_Exercise requirements_
Which lines run from the line with "(* guarded string" through the line with "gstring set \<Rightarrow> ('p,'t) gstring" in the entries below? Print them exactly, both ends included, and nothing more.
■ ■ ■ ■ ■
lemma bernoulli_posterior_diff_private:
  assumes "0 \<le> \<epsilon>" and "0 \<le> \<delta>" and records: "\<And>D. D \<in> Dom \<Longrightarrow> set D \<subseteq> {0, 1}"
  shows "diff_private \<epsilon> \<delta> Dom (posterior std_normal_density (bernoulli_lik (\<epsilon> / 2)))"
proof (rule posterior_diff_private[OF bayes_problem_bernoulli assms])
  show "evidence std_normal_density (bernoulli_lik (\<epsilon> / 2)) D < \<infinity>" if "D \<in> Dom" for D
    by (rule order.strict_trans1[OF evidence_bernoulli_le_1[OF records[OF that]]]) simp
  show "bernoulli_lik (\<epsilon> / 2) y \<theta> \<le> exp (\<epsilon> / 2) * bernoulli_lik (\<epsilon> / 2) y' \<theta>"
    if "y \<in> {0, 1}" and "y' \<in> {0, 1}" for y y' \<theta>
    using \<open>0 \<le> \<epsilon>\<close> that by (intro bernoulli_lik_ratio) auto
qed

lemma sgld_bernoulli_not_diff_private:
  assumes "0 < s" and "0 < \<epsilon>'" and "\<delta> < 1 / 2" and "\<epsilon> \<le> \<epsilon>'" and "[0] \<in> Dom" and "[1] \<in> Dom"
  shows "\<not> diff_private \<epsilon> \<delta> Dom
           (sgld_output std_normal_density (bernoulli_lik s) (\<lambda>_. (4 * (1 + exp \<epsilon>') / s)\<^sup>2) 0 1)"
proof -
  define a where "a = 1 + exp \<epsilon>'"
  define M where "M = sgld_output std_normal_density (bernoulli_lik s) (\<lambda>_. (4 * a / s)\<^sup>2) 0 1"
  have a: "2 < a"
    using assms by (simp add: a_def)
  have "exp \<epsilon>' * (1 / a\<^sup>2) + 1 / a\<^sup>2 = 1 / a"
    using a by (simp add: a_def[symmetric] power2_eq_square field_simps)
  moreover have "1 / a < 1 / 2"
    using a by simp
  ultimately have "exp \<epsilon>' * (1 / a\<^sup>2) + \<delta> < 1 - 1 / a\<^sup>2"
    using \<open>\<delta> < 1 / 2\<close> by linarith
  also have "\<dots> \<le> measure (M [1]) {0..}"
    using sgld_bernoulli_separation(2)[OF \<open>0 < s\<close>, of a] a by (simp add: M_def)
  finally have sep1: "exp \<epsilon>' * (1 / a\<^sup>2) + \<delta> < measure (M [1]) {0..}" .
  have sep0: "measure (M [0]) {0..} \<le> 1 / a\<^sup>2"
    using sgld_bernoulli_separation(1)[OF \<open>0 < s\<close>, of a] a by (simp add: M_def)
  show ?thesis
    unfolding a_def[symmetric] M_def[symmetric]
    by (rule not_diff_privateI[OF assms(6,5) neighbouring_singleton _ assms(4) sep0 sep1]) simp
qed
(* Let $\Gamma=\{b_1q_1\overline{b_1'}=0,\dots,b_mq_m\overline{b_m'}=0\}\cup\{c_1\le c_1',\dots,c_n\le c_n'\}$ be a set of assumptions, with $q_i\in\Sigma$ and all $b_i,b_i',c_j,c_j'$ Boolean expressions. Let $u=(p_1+\cdots+p_k)^*$ where $\Sigma=\{p_1,\dots,p_k\}$, and $r=b_1q_1\overline{b_1'}+\cdots+b_mq_m\overline{b_m'}+c_1\overline{c_1'}+\cdots+c_n\overline{c_n'}$. Then for every KAT expression $e$, $\mathsf{GS}^\Gamma(e)=\mathsf{GS}(e)\setminus\mathsf{GS}(uru)$.
   Context: Let $\Sigma=\{p_1,\dots,p_k\}$ ($k\ge1$) be a finite set of action symbols and $T=\{t_1,\dots,t_l\}$ ($l\ge1$) a finite set of test symbols. Boolean expressions: $b::=0\mid 1\mid t\mid \overline{b}\mid b_1+b_2\mid b_1 b_2$; KAT expressions (syntactic terms): $e::=p\in\Sigma\mid b\mid e_1+e_2\mid e_1e_2\mid e^*$. $\mathsf{At}$ is the set of atoms (words $b_1\cdots b_l$ with $b_i\in\{t_i,\overline{t_i}\}$), identified with truth assignments to $T$; $\alpha\le b$ means $b$ is true under $\alpha$. Guarded strings: $\mathsf{GS}=(\mathsf{At}\cdot\Sigma)^*\cdot\mathsf{At}$. The fusion product $xy$ is defined only when the last atom of $x$ equals the first atom of $y$, and is the concatenation with one copy of that atom omitted; $X\diamond Y=\{xy\mid x\in X,y\in Y,xy\text{ defined}\}$, $X^0=\mathsf{At}$ in the definition of $\mathsf{GS}$, $X^{n+1}=X\diamond X^n$. $\mathsf{GS}(p)=\{\alpha p\beta\mid\alpha,\beta\in\mathsf{At}\}$; $\mathsf{GS}(b)=\{\alpha\in\mathsf{At}\mid\alpha\le b\}$; $\mathsf{GS}(e_1+e_2)=\mathsf{GS}(e_1)\cup\mathsf{GS}(e_2)$; $\mathsf{GS}(e_1e_2)=\mathsf{GS}(e_1)\diamond\mathsf{GS}(e_2)$; $\mathsf{GS}(e^* )=\bigcup_{n\ge0}\mathsf{GS}(e)^n$. Given $\Gamma$ as in the claim, $\mathsf{At}^\Gamma=\{\alpha\in\mathsf{At}\mid \alpha\le c\Rightarrow\alpha\le c'\text{ for all }(c\le c')\in\Gamma\}$. Guarded strings modulo $\Gamma$: $\mathsf{GS}^\Gamma(p)=\{\alpha p\beta\mid\alpha,\beta\in\mathsf{At}^\Gamma\text{ and for every assumption }bp\overline{b'}=0\text{ in }\Gamma\text{ (with this same }p),\ \alpha\le b\Rightarrow\beta\le b'\}$; $\mathsf{GS}^\Gamma(b)=\{\alpha\in\mathsf{At}^\Gamma\mid\alpha\le b\}$; $\mathsf{GS}^\Gamma(e_1+e_2)=\mathsf{GS}^\Gamma(e_1)\cup\mathsf{GS}^\Gamma(e_2)$; $\mathsf{GS}^\Gamma(e_1e_2)=\mathsf{GS}^\Gamma(e_1)\diamond\mathsf{GS}^\Gamma(e_2)$; $\mathsf{GS}^\Gamma(e^* )=\bigcup_{n\ge0}\mathsf{GS}^\Gamma(e)^n$, where here $X^0$ is taken to be $\mathsf{At}^\Gamma$. *)

theory Defs
  imports Main
begin

datatype 't bexp = BZero | BOne | Test 't | Neg "'t bexp"
  | BPlus "'t bexp" "'t bexp" | BTimes "'t bexp" "'t bexp"

datatype ('p, 't) kat = Act 'p | B "'t bexp" | Plus "('p,'t) kat" "('p,'t) kat"
  | Times "('p,'t) kat" "('p,'t) kat" | Star "('p,'t) kat"

(* atoms = truth assignments to the test symbols *)
type_synonym 't atom = "'t \<Rightarrow> bool"

(* alpha \<le> b *)
fun beval :: "'t atom \<Rightarrow> 't bexp \<Rightarrow> bool" where
  "beval \<alpha> BZero = False"
| "beval \<alpha> BOne = True"
| "beval \<alpha> (Test t) = \<alpha> t"
| "beval \<alpha> (Neg b) = (\<not> beval \<alpha> b)"
| "beval \<alpha> (BPlus b1 b2) = (beval \<alpha> b1 \<or> beval \<alpha> b2)"
| "beval \<alpha> (BTimes b1 b2) = (beval \<alpha> b1 \<and> beval \<alpha> b2)"

(* guarded string alpha0 p1 alpha1 ... pn alphan, represented as (alpha0, [(p1,alpha1),...,(pn,alphan)]) *)
type_synonym ('p,'t) gstring = "'t atom \<times> ('p \<times> 't atom) list"

definition first_atom :: "('p,'t) gstring \<Rightarrow> 't atom" where
  "first_atom x = fst x"

definition last_atom :: "('p,'t) gstring \<Rightarrow> 't atom" where
  "last_atom x = (if snd x = [] then fst x else snd (last (snd x)))"

(* fusion product (only meaningful when last_atom x = first_atom y) *)
definition fuse :: "('p,'t) gstring \<Rightarrow> ('p,'t) gstring \<Rightarrow> ('p,'t) gstring" where
  "fuse x y = (fst x, snd x @ snd y)"

definition diamond :: "('p,'t) gstring set \<Rightarrow> ('p,'t) gstring set \<Rightarrow> ('p,'t) gstring set" where
  "diamond X Y = {fuse x y | x y. x \<in> X \<and> y \<in> Y \<and> last_atom x = first_atom y}"
lemma prox_rfun_last_coords:
  assumes x: "x \<in> last_coords m b" and bm: "b < m" and bL: "b \<notin> Lset m n i"
    and i1: "i = 1 \<Longrightarrow> b \<ge> 1"
  shows "prox m \<gamma> (rfun l0 l1 l2 m w n i) x \<in> last_coords m b"
proof -
  define u where "u = prox m \<gamma> (rfun l0 l1 l2 m w n i) x"
  have m: "m \<ge> 1" using bm by simp
  have u: "u \<in> vecs m" "\<forall>v\<in>vecs m. \<Phi> u < \<Phi> v \<or> v = u"
    using prox_rfun_strict_min[OF _ m] x last_coords_subset_vecs unfolding u_def by blast+
  define u' where "u' = (\<lambda>j. if m - b < j then u j else 0)"
  have u'_vecs: "u' \<in> vecs m" using u(1) unfolding u'_def vecs_def by auto
  have "l1 * (\<Sum>l\<in>Lset m n i. (ip m (brow m w l) u')\<^sup>2) \<le> l1 * (\<Sum>l\<in>Lset m n i. (ip m (brow m w l) u)\<^sup>2)"
    using l1 bL bm unfolding u'_def
    by (intro mult_left_mono sum_mono ip_brow_truncate_square_le) (auto dest: subsetD[OF Lset_subset])
  moreover have "l2 * ip m u' u' \<le> l2 * ip m u u"
    using l2 unfolding ip_def u'_def by (intro mult_left_mono sum_mono) auto
  moreover have "i = 1 \<Longrightarrow> ip m (ev m) u' = ip m (ev m) u"
    using i1 bm ip_ev_right[of m m] ip_commute[of m "ev m"] unfolding u'_def by auto
  moreover have "ip m (\<lambda>j. x j - u' j) (\<lambda>j. x j - u' j) \<le> ip m (\<lambda>j. x j - u j) (\<lambda>j. x j - u j)"
    unfolding ip_def using x unfolding u'_def last_coords_def by (intro sum_mono) auto
  then have "ip m (\<lambda>j. x j - u' j) (\<lambda>j. x j - u' j) / (2 * \<gamma>) \<le> ip m (\<lambda>j. x j - u j) (\<lambda>j. x j - u j) / (2 * \<gamma>)"
    using \<gamma> by (simp add: divide_right_mono)
  ultimately have "\<Phi> u' \<le> \<Phi> u" unfolding prox_objective_def rfun_def by (cases "i = 1") auto
  then have "u' = u" using u(2) u'_vecs by force
  then have "u \<in> last_coords m b"
    using u(1) unfolding last_coords_def vecs_def u'_def by (auto simp: fun_eq_iff) (metis not_less)
  then show ?thesis unfolding u_def .
qed

end

lemma rfun_oracles_last_coords:
  assumes x: "x \<in> last_coords m b" and bm: "b < m" and i: "i \<in> {1..n}" and n: "n \<ge> 2"
    and i_not_next: "i mod n \<noteq> Suc b mod n" and \<gamma>: "\<gamma> > 0" and l1: "l1 \<ge> 0" and l2: "l2 \<ge> 0"
  shows "grad m (rfun l0 l1 l2 m w n i) x \<in> last_coords m b"
    and "prox m \<gamma> (rfun l0 l1 l2 m w n i) x \<in> last_coords m b"
proof -
  have bL: "b \<notin> Lset m n i"
  proof
    assume "b \<in> Lset m n i"
    then have "Suc b mod n = Suc (i - 1) mod n" unfolding Lset_def by (metis (mono_tags) mem_Collect_eq mod_Suc_eq)
    then show False using i_not_next i by simp
  qed
  have i1: "b \<ge> 1" if "i = 1" using i_not_next that by (cases b) auto
  have "grad m (rfun l0 l1 l2 m w n i) x = rfun_grad l0 l1 l2 m w n i x"
    using grad_rfun[of x m] x last_coords_subset_vecs[of m b] bm by auto
  then show "grad m (rfun l0 l1 l2 m w n i) x \<in> last_coords m b"
    using rfun_grad_last_coords[OF x bm bL i1] by simp
  show "prox m \<gamma> (rfun l0 l1 l2 m w n i) x \<in> last_coords m b"
    by (rule prox_rfun_last_coords[OF \<gamma> l1 l2 x bm bL i1])
qed

section \<open>Hitting times\<close>

definition hitting_time :: "nat \<Rightarrow> (nat \<Rightarrow> nat) \<Rightarrow> nat \<Rightarrow> enat" where
  "hitting_time n a k = Tk n (\<lambda>t (_::unit). a t) k ()"

lemma Tk_eq_hitting_time: "Tk n idx k \<omega> = hitting_time n (\<lambda>t. idx t \<omega>) k"
  unfolding hitting_time_def by (induction k) simp_all

lemma hitting_time_0 [simp]: "hitting_time n a 0 = 0"
  unfolding hitting_time_def by simp

lemma hitting_time_Suc:
  "hitting_time n a (Suc k) =
     (if \<exists>t. enat t > hitting_time n a k \<and> a t mod n = Suc k mod n
      then enat (LEAST t. enat t > hitting_time n a k \<and> a t mod n = Suc k mod n) else \<infinity>)"
  unfolding hitting_time_def by simp

lemma hitting_time_Suc_eq_enat_iff:
  "hitting_time n a (Suc k) = enat s \<longleftrightarrow>
     (\<exists>r<s. hitting_time n a k = enat r \<and> (\<forall>j. r < j \<and> j < s \<longrightarrow> a j mod n \<noteq> Suc k mod n)
        \<and> a s mod n = Suc k mod n)"
proof -
  define P where "P t \<longleftrightarrow> enat t > hitting_time n a k \<and> a t mod n = Suc k mod n" for t
  show ?thesis
  proof
    assume H: "hitting_time n a (Suc k) = enat s"
    then have ex: "\<exists>t. P t" unfolding hitting_time_Suc P_def by (auto split: if_splits)
    then have s: "s = (LEAST t. P t)" using H unfolding hitting_time_Suc P_def by simp
    have "P s" unfolding s by (rule LeastI_ex[OF ex])
    moreover have "\<not> P j" if "j < s" for j using not_less_Least[of j P] that s by simp
    ultimately show "\<exists>r<s. hitting_time n a k = enat r \<and> (\<forall>j. r < j \<and> j < s \<longrightarrow> a j mod n \<noteq> Suc k mod n)
        \<and> a s mod n = Suc k mod n"
      unfolding P_def by (cases "hitting_time n a k") auto
  next
    assume "\<exists>r<s. hitting_time n a k = enat r \<and> (\<forall>j. r < j \<and> j < s \<longrightarrow> a j mod n \<noteq> Suc k mod n)
        \<and> a s mod n = Suc k mod n"
    then obtain r where r: "r < s" "hitting_time n a k = enat r"
      "\<forall>j. r < j \<and> j < s \<longrightarrow> a j mod n \<noteq> Suc k mod n" "a s mod n = Suc k mod n" by blast
    have "P s" using r unfolding P_def by simp
    moreover have "(LEAST t. P t) = s"
    proof (rule Least_equality[where P = P, OF \<open>P s\<close>])
      fix y assume "P y"
      then have "r < y" "a y mod n = Suc k mod n" using r unfolding P_def by auto
      then show "s \<le> y" using r(3) by (meson not_le)
    qed
    ultimately show "hitting_time n a (Suc k) = enat s" unfolding hitting_time_Suc P_def by auto
  qed
qed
■ ■ ■ ■ ■
_Problem solution_
(* guarded string alpha0 p1 alpha1 ... pn alphan, represented as (alpha0, [(p1,alpha1),...,(pn,alphan)]) *)
type_synonym ('p,'t) gstring = "'t atom \<times> ('p \<times> 't atom) list"

definition first_atom :: "('p,'t) gstring \<Rightarrow> 't atom" where
  "first_atom x = fst x"

definition last_atom :: "('p,'t) gstring \<Rightarrow> 't atom" where
  "last_atom x = (if snd x = [] then fst x else snd (last (snd x)))"

(* fusion product (only meaningful when last_atom x = first_atom y) *)
definition fuse :: "('p,'t) gstring \<Rightarrow> ('p,'t) gstring \<Rightarrow> ('p,'t) gstring" where
  "fuse x y = (fst x, snd x @ snd y)"

definition diamond :: "('p,'t) gstring set \<Rightarrow> ('p,'t) gstring set \<Rightarrow> ('p,'t) gstring set" where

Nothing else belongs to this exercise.